Could you please count how many lines in the data below hold the string "open"? Reply with only the number.
***
lemma l1_iterate_diff_le:
  "(\<Sum>x\<in>S. \<bar>(step ^^ Suc n) p x - (step ^^ n) p x\<bar>)
     \<le> contraction_coeff ^ n * (\<Sum>x\<in>S. \<bar>step p x - p x\<bar>)"
proof (induction n)
  case 0
  then show ?case by simp
next
  case (Suc n)
  define w where "w x = (step ^^ Suc n) p x - (step ^^ n) p x" for x
  have zero_sum: "(\<Sum>x\<in>S. w x) = 0"
    using sum_step[of "(step ^^ n) p"] by (simp add: w_def sum_subtractf)
  have "(\<Sum>x\<in>S. \<bar>(step ^^ Suc (Suc n)) p x - (step ^^ Suc n) p x\<bar>) = (\<Sum>x\<in>S. \<bar>step w x\<bar>)"
    by (simp add: w_def[abs_def] step_diff)
  also have "\<dots> \<le> contraction_coeff * (\<Sum>x\<in>S. \<bar>w x\<bar>)"
    by (rule l1_step_le[OF zero_sum])
  also have "\<dots> \<le> contraction_coeff ^ Suc n * (\<Sum>x\<in>S. \<bar>step p x - p x\<bar>)"
    using mult_left_mono[OF Suc.IH contraction_coeff_nonneg] by (simp add: w_def)
  finally show ?case .
qed

lemma iterates_convergent:
  assumes x: "x \<in> S"
  shows "convergent (\<lambda>n. (step ^^ n) p x)"
proof -
  define d where "d n = (step ^^ Suc n) p x - (step ^^ n) p x" for n
  define D where "D = (\<Sum>x\<in>S. \<bar>step p x - p x\<bar>)"
  have "summable (\<lambda>n. contraction_coeff ^ n * D)"
    using contraction_coeff_nonneg contraction_coeff_less_1
    by (intro summable_mult2 summable_geometric) simp
  moreover have "norm (d n) \<le> contraction_coeff ^ n * D" for n
  proof -
    have "\<bar>d n\<bar> \<le> (\<Sum>x\<in>S. \<bar>(step ^^ Suc n) p x - (step ^^ n) p x\<bar>)"
      unfolding d_def using x by (rule abs_le_sum_abs)
    then show ?thesis
      using l1_iterate_diff_le[of n p] unfolding D_def by simp
  qed
  ultimately have "summable d"
    by (rule summable_comparison_test')
  then have "convergent (\<lambda>n. p x + (\<Sum>k<n. d k))"
    by (simp add: summable_iff_convergent convergent_add_const_iff)
  moreover have "p x + (\<Sum>k<n. d k) = (step ^^ n) p x" for n
    unfolding d_def by (subst sum_lessThan_telescope) simp
  ultimately show ?thesis
    by simp
qed

lemma stationary_exists: "\<exists>\<mu>. stationary \<mu>"
proof -
  define p0 where "p0 x = (if x \<in> S then 1 / real (card S) else 0)" for x
  define \<mu> where "\<mu> x = lim (\<lambda>n. (step ^^ n) p0 x)" for x
  have outside: "(step ^^ n) p0 x = 0" if "x \<notin> S" for n x
    using that by (cases n) (simp_all add: p0_def step_def)
  have lim: "(\<lambda>n. (step ^^ n) p0 x) \<longlonglongrightarrow> \<mu> x" for x
  proof (cases "x \<in> S")
    case True
    then show ?thesis
      using iterates_convergent[OF True] unfolding \<mu>_def by (simp add: convergent_LIMSEQ_iff)
  next
    case False
    then show ?thesis
      unfolding \<mu>_def by (simp add: outside)
  qed
  have total: "(\<Sum>x\<in>S. (step ^^ n) p0 x) = 1" for n
    using finite_S S_nonempty by (simp add: sum_iterates p0_def)
  have "stationary \<mu>"
    unfolding stationary_def
  proof (intro conjI ballI allI impI)
    show "\<mu> x = 0" if "x \<notin> S" for x
      using lim[of x] that by (simp add: outside LIMSEQ_const_iff)
    show "\<mu> x \<ge> 0" if "x \<in> S" for x
      using iterates_nonneg[of p0, OF _ that] by (intro LIMSEQ_le_const[OF lim]) (auto simp: p0_def)
    show "(\<Sum>x\<in>S. \<mu> x) = 1"
      using tendsto_sum[of S "\<lambda>x n. (step ^^ n) p0 x", OF lim]
      by (simp add: total LIMSEQ_const_iff)
    show "\<mu> x = (\<Sum>x'\<in>S. A x x' * \<mu> x')" if x: "x \<in> S" for x
    proof (rule LIMSEQ_unique)
      show "(\<lambda>n. (step ^^ Suc n) p0 x) \<longlonglongrightarrow> \<mu> x"
        using lim by (rule LIMSEQ_Suc)
      show "(\<lambda>n. (step ^^ Suc n) p0 x) \<longlonglongrightarrow> (\<Sum>x'\<in>S. A x x' * \<mu> x')"
        using x by (simp add: step_def) (intro tendsto_sum tendsto_mult_left lim)
    qed
  qed
  then show ?thesis by blast
qed

end


section \<open>Sums over configurations\<close>

lemma bij_betw_success_set_PiE:
  "bij_betw (\<lambda>v. restrict v {..<m}) (success_set m b) (\<Pi>\<^sub>E i\<in>{..<m}. {..b i})"
  by (rule bij_betw_byWitness[where f' = "\<lambda>g i. if i < m then g i else 0"])
     (auto simp: success_set_def fun_eq_iff PiE_def extensional_def not_less)

lemma finite_success_set: "finite (success_set m b)"
  using bij_betw_finite[OF bij_betw_success_set_PiE] by (simp add: finite_PiE)

lemma sum_prod_success_set:
  fixes f :: "nat \<Rightarrow> nat \<Rightarrow> 'a::comm_semiring_1"
  shows "(\<Sum>v\<in>success_set m b. \<Prod>i<m. f i (v i)) = (\<Prod>i<m. \<Sum>k\<le>b i. f i k)"
proof -
  have "(\<Sum>v\<in>success_set m b. \<Prod>i<m. f i (v i))
      = (\<Sum>v\<in>success_set m b. \<Prod>i<m. f i (restrict v {..<m} i))"
    by simp
  also have "\<dots> = (\<Sum>g\<in>(\<Pi>\<^sub>E i\<in>{..<m}. {..b i}). \<Prod>i<m. f i (g i))"
    by (rule sum.reindex_bij_betw[OF bij_betw_success_set_PiE])
  also have "\<dots> = (\<Prod>i<m. \<Sum>k\<le>b i. f i k)"
    by (simp add: prod_sum_PiE)
  finally show ?thesis .
qed

lemma state_space_subset_success_set: "state_space m n \<subseteq> success_set m (\<lambda>_. n)"
proof
  fix x assume x: "x \<in> state_space m n"
  have "x i \<le> n" if "i < m" for i
    using x that member_le_sum[of i "{..<m}" x] by (simp add: state_space_def)
  then show "x \<in> success_set m (\<lambda>_. n)"
    using x by (simp add: success_set_def state_space_def)
qed

lemma finite_state_space: "finite (state_space m n)"
  using finite_subset[OF state_space_subset_success_set finite_success_set] .

lemma sum_state_space_Suc:
  "(\<Sum>y\<in>state_space (Suc m) n. g y) = (\<Sum>k\<le>n. \<Sum>y\<in>state_space m (n - k). g (y(m := k)))"
proof -
  have split: "(y m, y(m := 0)) \<in> Sigma {..n} (\<lambda>k. state_space m (n - k))"
    if "y \<in> state_space (Suc m) n" for y
  proof -
    have "(\<Sum>i<m. (y(m := 0)) i) = (\<Sum>i<m. y i)"
      by (intro sum.cong) auto
    then show ?thesis
      using that by (auto simp: state_space_def)
  qed
  have join: "y(m := k) \<in> state_space (Suc m) n"
    if "k \<le> n" "y \<in> state_space m (n - k)" for k y
  proof -
    have "(\<Sum>i<m. (y(m := k)) i) = (\<Sum>i<m. y i)"
      by (intro sum.cong) auto
    then show ?thesis
      using that by (auto simp: state_space_def)
  qed
  have "(\<Sum>y\<in>state_space (Suc m) n. g y) = (\<Sum>(k, y)\<in>Sigma {..n} (\<lambda>k. state_space m (n - k)). g (y(m := k)))"
    by (rule sum.reindex_bij_witness[where j = "\<lambda>y. (y m, y(m := 0))" and i = "\<lambda>(k, y). y(m := k)"])
       (use split join in \<open>auto simp: state_space_def\<close>)
  then show ?thesis
    by (simp add: sum.Sigma finite_state_space)
qed

lemma multinomial_theorem:
  fixes q :: "nat \<Rightarrow> 'a::field_char_0"
  shows "(\<Sum>y\<in>state_space m n. \<Prod>i<m. q i ^ y i / fact (y i)) = (\<Sum>i<m. q i) ^ n / fact n"
proof (induction m arbitrary: n)
  case 0
  have "state_space 0 n = (if n = 0 then {\<lambda>_. 0} else {})"
    by (auto simp: state_space_def)
  then show ?case by simp
next
  case (Suc m)
  have "(\<Sum>y\<in>state_space (Suc m) n. \<Prod>i<Suc m. q i ^ y i / fact (y i))
      = (\<Sum>k\<le>n. q m ^ k / fact k * (\<Sum>y\<in>state_space m (n - k). \<Prod>i<m. q i ^ y i / fact (y i)))"
    unfolding sum_state_space_Suc
    by (auto simp: lessThan_Suc sum_distrib_left mult.commute intro!: sum.cong prod.cong)
  also have "\<dots> = (\<Sum>k\<le>n. of_nat (n choose k) * q m ^ k * (\<Sum>i<m. q i) ^ (n - k)) / fact n"
    by (simp add: Suc.IH sum_divide_distrib binomial_fact)
  also have "\<dots> = (\<Sum>i<Suc m. q i) ^ n / fact n"
    by (simp add: binomial_ring add.commute)
  finally show ?case .
qed

lemma sum_multinom_prob:
  "(\<Sum>y\<in>state_space m n. multinom_prob m n q y) = (\<Sum>i<m. q i) ^ n"
proof -
  have "(\<Sum>y\<in>state_space m n. multinom_prob m n q y)
      = (\<Sum>y\<in>state_space m n. fact n * (\<Prod>i<m. q i ^ y i / fact (y i)))"
    by (intro sum.cong) (auto simp: multinom_prob_def state_space_def prod_dividef)
  then show ?thesis
    by (simp add: multinomial_theorem flip: sum_distrib_left)
qed

lemma sum_binom_prob: "(\<Sum>k\<le>n. binom_prob n p k) = 1"
proof -
  have "(p + (1 - p)) ^ n = (\<Sum>k\<le>n. real (n choose k) * p ^ k * (1 - p) ^ (n - k))"
    by (rule binomial_ring)
  then show ?thesis
    by (simp add: binom_prob_def)
qed

lemma sum_state_space_shift:
  assumes v: "\<And>i. i \<ge> m \<Longrightarrow> v i = 0" and le: "(\<Sum>i<m. v i) \<le> n"
  shows "(\<Sum>x\<in>state_space m n. if \<forall>i<m. v i \<le> x i then g (\<lambda>i. x i - v i) else 0)
       = (\<Sum>y\<in>state_space m (n - (\<Sum>i<m. v i)). g y)"
proof -
  let ?R = "\<Sum>i<m. v i"
  have sub: "(\<lambda>i. x i - v i) \<in> state_space m (n - ?R)"
    if "x \<in> state_space m n" "\<forall>i<m. v i \<le> x i" for x
  proof -
    have "(\<Sum>i<m. x i - v i) = (\<Sum>i<m. x i) - ?R"
      using that(2) by (intro sum_subtractf_nat) auto
    then show ?thesis
      using that(1) by (auto simp: state_space_def)
  qed
  have add: "(\<lambda>i. y i + v i) \<in> state_space m n" if "y \<in> state_space m (n - ?R)" for y
    using that le v by (auto simp: state_space_def sum.distrib)
  have cancel: "x i - v i + v i = x i" if "\<forall>i<m. v i \<le> x i" for x i
    using v that by (cases "i < m") auto
  have "(\<Sum>x\<in>state_space m n. if \<forall>i<m. v i \<le> x i then g (\<lambda>i. x i - v i) else 0)
      = (\<Sum>x\<in>{x\<in>state_space m n. \<forall>i<m. v i \<le> x i}. g (\<lambda>i. x i - v i))"
    by (simp add: sum.inter_filter finite_state_space)
  also have "\<dots> = (\<Sum>y\<in>state_space m (n - ?R). g y)"
    by (rule sum.reindex_bij_witness[where j = "\<lambda>x i. x i - v i" and i = "\<lambda>y i. y i + v i"])
       (use sub add cancel in \<open>auto simp: fun_eq_iff\<close>)
  finally show ?thesis .
qed

section \<open>The foraging chain\<close>

lemma phi_nonneg: "K > 0 \<Longrightarrow> u \<ge> 0 \<Longrightarrow> 0 \<le> phi K u"
  by (simp add: phi_def)

lemma phi_le_1: "K > 0 \<Longrightarrow> u \<ge> 0 \<Longrightarrow> phi K u \<le> 1"
  by (simp add: phi_def)

lemma phi_less_1: "K > 0 \<Longrightarrow> u > 0 \<Longrightarrow> phi K u < 1"
  by (simp add: phi_def)

lemma redistr_nonneg: "0 \<le> \<rho> \<Longrightarrow> \<rho> \<le> 1 \<Longrightarrow> 0 \<le> redistr m \<rho> v i"
  by (auto simp: redistr_def Let_def intro!: add_nonneg_nonneg divide_nonneg_nonneg mult_nonneg_nonneg sum_nonneg)

lemma sum_redistr:
  assumes "m \<ge> 1"
  shows "(\<Sum>i<m. redistr m \<rho> v i) = 1"
proof (cases "(\<Sum>j<m. v j) = 0")
  case True
  then show ?thesis
    using assms by (simp add: redistr_def)
next
  case False
  define R where "R = real (\<Sum>j<m. v j)"
  have "(\<Sum>i<m. redistr m \<rho> v i) = (\<Sum>i<m. \<rho> / R * real (v i) + (1 - \<rho>) / real m)"
    unfolding redistr_def Let_def if_not_P[OF False] R_def by simp
  also have "\<dots> = \<rho> / R * (\<Sum>i<m. real (v i)) + (1 - \<rho>)"
    using assms by (simp add: sum.distrib sum_distrib_left)
  also have "(\<Sum>i<m. real (v i)) = R"
    by (simp add: R_def)
  finally show ?thesis
    using False by (simp add: R_def del: of_nat_sum)
qed

definition success_prob ::
  "nat \<Rightarrow> nat \<Rightarrow> (nat \<Rightarrow> real) \<Rightarrow> (nat \<Rightarrow> nat) \<Rightarrow> (nat \<Rightarrow> nat) \<Rightarrow> real" where
  "success_prob m \<xi> K x' v = (\<Prod>i<m. binom_prob (x' i) (phi (K i) (real (x' i) / real \<xi>)) (v i))"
***
• _The answer_
4